Saved entries

········

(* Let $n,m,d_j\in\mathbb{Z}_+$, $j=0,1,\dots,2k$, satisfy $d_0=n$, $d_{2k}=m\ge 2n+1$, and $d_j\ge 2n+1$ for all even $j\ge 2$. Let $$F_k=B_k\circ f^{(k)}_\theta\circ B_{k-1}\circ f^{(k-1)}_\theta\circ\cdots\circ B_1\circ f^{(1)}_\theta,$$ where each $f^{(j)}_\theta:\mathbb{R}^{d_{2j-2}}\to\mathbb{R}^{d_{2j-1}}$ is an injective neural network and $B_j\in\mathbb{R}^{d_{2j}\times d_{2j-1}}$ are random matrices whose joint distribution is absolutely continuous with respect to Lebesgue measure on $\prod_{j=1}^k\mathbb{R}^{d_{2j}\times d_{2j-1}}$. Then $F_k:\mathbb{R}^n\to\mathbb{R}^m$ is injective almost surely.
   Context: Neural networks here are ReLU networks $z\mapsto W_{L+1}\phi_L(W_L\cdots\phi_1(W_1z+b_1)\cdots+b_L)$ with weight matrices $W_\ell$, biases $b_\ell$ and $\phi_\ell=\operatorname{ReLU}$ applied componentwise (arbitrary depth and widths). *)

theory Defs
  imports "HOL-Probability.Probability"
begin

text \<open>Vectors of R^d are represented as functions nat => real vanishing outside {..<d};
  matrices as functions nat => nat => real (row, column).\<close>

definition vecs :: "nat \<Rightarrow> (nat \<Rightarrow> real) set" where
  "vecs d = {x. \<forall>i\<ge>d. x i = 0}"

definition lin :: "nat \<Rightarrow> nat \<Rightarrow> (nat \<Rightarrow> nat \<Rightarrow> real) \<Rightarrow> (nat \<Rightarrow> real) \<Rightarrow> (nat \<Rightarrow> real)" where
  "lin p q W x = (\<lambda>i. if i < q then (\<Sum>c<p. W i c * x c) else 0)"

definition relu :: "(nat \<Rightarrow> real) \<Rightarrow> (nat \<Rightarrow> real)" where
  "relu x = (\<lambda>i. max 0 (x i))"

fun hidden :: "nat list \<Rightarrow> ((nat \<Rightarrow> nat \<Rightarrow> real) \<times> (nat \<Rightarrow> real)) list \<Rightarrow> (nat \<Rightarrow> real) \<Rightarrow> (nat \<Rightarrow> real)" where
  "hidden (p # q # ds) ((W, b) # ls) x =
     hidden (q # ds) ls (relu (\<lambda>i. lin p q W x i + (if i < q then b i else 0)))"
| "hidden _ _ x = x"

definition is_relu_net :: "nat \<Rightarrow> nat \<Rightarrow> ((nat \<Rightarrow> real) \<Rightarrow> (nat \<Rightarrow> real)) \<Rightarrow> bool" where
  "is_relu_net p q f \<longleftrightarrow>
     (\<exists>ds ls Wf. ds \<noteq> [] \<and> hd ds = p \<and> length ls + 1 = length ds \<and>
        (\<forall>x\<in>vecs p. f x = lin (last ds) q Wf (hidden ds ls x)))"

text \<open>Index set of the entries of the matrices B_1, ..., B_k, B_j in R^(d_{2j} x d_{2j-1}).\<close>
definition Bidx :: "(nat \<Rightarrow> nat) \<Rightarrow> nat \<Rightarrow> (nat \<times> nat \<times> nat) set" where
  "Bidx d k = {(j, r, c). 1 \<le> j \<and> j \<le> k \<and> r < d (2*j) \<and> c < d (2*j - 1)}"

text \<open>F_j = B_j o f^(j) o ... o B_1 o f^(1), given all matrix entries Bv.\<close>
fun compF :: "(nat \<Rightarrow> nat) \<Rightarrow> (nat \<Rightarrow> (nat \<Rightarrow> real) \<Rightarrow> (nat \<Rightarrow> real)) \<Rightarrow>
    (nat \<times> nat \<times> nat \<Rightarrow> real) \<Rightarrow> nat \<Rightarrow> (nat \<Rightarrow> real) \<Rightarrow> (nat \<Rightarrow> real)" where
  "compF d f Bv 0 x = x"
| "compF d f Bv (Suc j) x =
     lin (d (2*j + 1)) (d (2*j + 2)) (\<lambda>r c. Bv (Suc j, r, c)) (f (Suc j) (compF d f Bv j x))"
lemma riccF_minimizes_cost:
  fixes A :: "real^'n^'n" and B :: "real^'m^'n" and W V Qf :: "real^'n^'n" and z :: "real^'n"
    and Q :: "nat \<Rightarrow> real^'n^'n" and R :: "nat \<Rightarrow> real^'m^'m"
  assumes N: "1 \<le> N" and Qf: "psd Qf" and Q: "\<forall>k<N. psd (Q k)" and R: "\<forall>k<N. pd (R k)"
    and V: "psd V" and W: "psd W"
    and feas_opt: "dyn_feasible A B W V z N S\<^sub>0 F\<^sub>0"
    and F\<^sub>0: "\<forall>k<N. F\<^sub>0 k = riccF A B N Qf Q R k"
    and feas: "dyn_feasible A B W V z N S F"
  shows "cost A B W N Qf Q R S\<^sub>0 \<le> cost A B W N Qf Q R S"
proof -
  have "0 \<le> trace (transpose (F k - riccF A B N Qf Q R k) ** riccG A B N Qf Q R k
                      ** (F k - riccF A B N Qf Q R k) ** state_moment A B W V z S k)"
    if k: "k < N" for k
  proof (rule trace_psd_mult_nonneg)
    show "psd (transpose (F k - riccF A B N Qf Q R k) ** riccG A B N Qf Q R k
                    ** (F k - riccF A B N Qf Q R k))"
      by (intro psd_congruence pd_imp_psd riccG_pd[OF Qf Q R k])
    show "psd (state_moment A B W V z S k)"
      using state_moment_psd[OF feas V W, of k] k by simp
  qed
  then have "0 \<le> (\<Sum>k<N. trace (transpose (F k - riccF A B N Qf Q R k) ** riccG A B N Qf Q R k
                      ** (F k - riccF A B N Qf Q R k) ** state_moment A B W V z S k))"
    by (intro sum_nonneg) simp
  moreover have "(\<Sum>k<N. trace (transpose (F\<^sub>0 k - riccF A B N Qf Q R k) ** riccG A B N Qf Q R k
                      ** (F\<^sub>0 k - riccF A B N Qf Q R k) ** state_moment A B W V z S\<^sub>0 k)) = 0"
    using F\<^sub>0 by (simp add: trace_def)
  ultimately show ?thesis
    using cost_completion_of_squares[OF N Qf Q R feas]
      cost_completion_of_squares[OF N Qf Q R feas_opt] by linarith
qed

········

→ **Required action**
Among the lines above, find each one containing the string "proof" and copy it.

→ **Solution**
proof -
  proof (rule trace_psd_mult_nonneg)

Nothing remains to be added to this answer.